Changes to civil service redundancy 'could be unlawful'

6 Jul 10
The Cabinet Office's proposed limits on civil service redundancy pay could be unlawful, lead to industrial action and end up costing the government more money, unions are warning

By Jaimie Kaffash

6 July 2010

The Cabinet Office’s proposed limits on civil service redundancy pay could be unlawful, lead to industrial action and end up costing the government more money, unions are warning.

The government intends to cap compensation at 12 months pay for compulsory redundancy and 15 months for voluntary redundancy. It plans to do this via a money Bill, which would prevent the House of Lords from blocking the move for more than a month, as opposed to a year with ordinary Bills.

The previous Labour administration reached agreement with five of the six civil service unions in February this year to bring their terms in line with the rest of the public sector – a cap of two years pay. But the High Court ruled this unlawful after an objection from the Public and Commercial Services union. 

In his letter to civil service unions today, Cabinet Office Minister Francis Maude said: ‘Our action today to limit the excesses of the current prohibitively expensive terms is necessary because of this unilateral action in contesting the previous government’s scheme.’

He added: ‘Had the PCS shown the same willingness to negotiate as the other five civil service unions then today’s action might not have been necessary.’

But Dai Hudd, deputy general secretary of Prospect, told Public Finance that singling out the PCS was ‘not conducive to reaching an agreement’. He added that it was ‘fundamentally unacceptable’ for the terms to be half those of other public sector workers.

He also said his union was seeking clarification over whether a money Bill would be lawful. ‘Our initial thoughts is that the money Bill is about revenue resource rather than cutting entitlements, and we are consulting lawyers as we speak,’ he added. Prospect’s special executive would be meeting on July 29, he said, and industrial action ‘could not be ruled out’.

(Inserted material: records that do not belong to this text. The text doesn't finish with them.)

(* Under Assumption 1 and given $P(\sigma_{i}=\sigma)=1$, \begin{align*} CD = -\sqrt{\left(T-\frac{T}{N}\right)/2} - \frac{1}{\sqrt{2N}} \left(\frac{1}{\sqrt{NT}} \sum_{i=1}^N \sum_{t=1}^T \left( \frac{\varepsilon_{i,t}^2}{\sigma^{2}}-1\right)\right) + o_P(N^{-1/2}). \end{align*}
   Context: Panel model with additive time effects: $y_{i,t} = \mathbf{x}_{i,t}'\boldsymbol{\beta} + \tau_t + \mu_i + \varepsilon_{i,t}$, with $\boldsymbol{\beta}$, $\mu_i$ and the error variance known (w.l.o.g. $y_{i,t}=\tau_t+\varepsilon_{i,t}$). Time effects are estimated by cross-section averages $\hat\tau_t=\overline{y}_t$, residuals are $\hat\varepsilon_{i,t}=y_{i,t}-\overline{y}_t$, and $CD=\sqrt{\frac{2}{TN(N-1)}}\sum_{i=2}^N\sum_{j=1}^{i-1}\sum_{t=1}^T \hat\varepsilon_{i,t}\hat\varepsilon_{j,t}/(\sigma_i\sigma_j)$. Assumption 1: $\varepsilon_{i,t}=\sigma_i\eta_{i,t}$ with $\eta_{i,t}$ i.i.d. over $i,t$, $\mathbb{E}[\eta_{i,t}]=0$, $\mathbb{E}[\eta_{i,t}^2]=1$, $\mathbb{E}[\eta_{i,t}^8]<M$; $\sigma_i\in[\delta,M]$, i.i.d. over $i$, independent of $\eta_{i,t}$. *)

theory Defs
  imports "HOL-Probability.Probability"
begin

definition xsec_mean :: "(nat \<Rightarrow> nat \<Rightarrow> real) \<Rightarrow> nat \<Rightarrow> nat \<Rightarrow> real" where
  "xsec_mean y N t = (\<Sum>i=1..N. y i t) / real N"

definition resid :: "(nat \<Rightarrow> nat \<Rightarrow> real) \<Rightarrow> nat \<Rightarrow> nat \<Rightarrow> nat \<Rightarrow> real" where
  "resid y N i t = y i t - xsec_mean y N t"

text \<open>The CD statistic, with known scales s i (= sigma_i).\<close>
definition CD_stat :: "(nat \<Rightarrow> nat \<Rightarrow> real) \<Rightarrow> (nat \<Rightarrow> real) \<Rightarrow> nat \<Rightarrow> nat \<Rightarrow> real" where
  "CD_stat y s N T = sqrt (2 / (real T * real N * (real N - 1))) *
     (\<Sum>i=2..N. \<Sum>j=1..i-1. \<Sum>t=1..T. resid y N i t * resid y N j t / (s i * s j))"

end

theory Submission
  imports Defs "HOL-Real_Asymp.Real_Asymp"
begin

He also said the government had ‘created a difficult paradigm’ for itself. ‘On one level, they are under pressure to create cuts. But they can only make cuts under these existing terms.’ He added that the earliest ministers could get the Bill through would be October, and it would be longer if there was hostility. ‘It is a high-risk strategy for them.’

PCS general secretary Mark Serwotka reacted angrily. He said Maude’s citing of PCS’s actions was ‘a smokescreen to allow it to force on civil servants worse conditions than anywhere else in the public sector’. The announcement betrayed ‘a breathtaking arrogance and a contempt for his own workforce’, he added, while confirming the union will be exploring the legal implications.

A spokesman for the Cabinet Office told PF it was ‘hypothetical’ whether the government would have introduced legislation had the February agreement been ratified.

He added: ‘The government published a document a few weeks back and one of the priorities was to introduce compensation terms in line with the private sector.’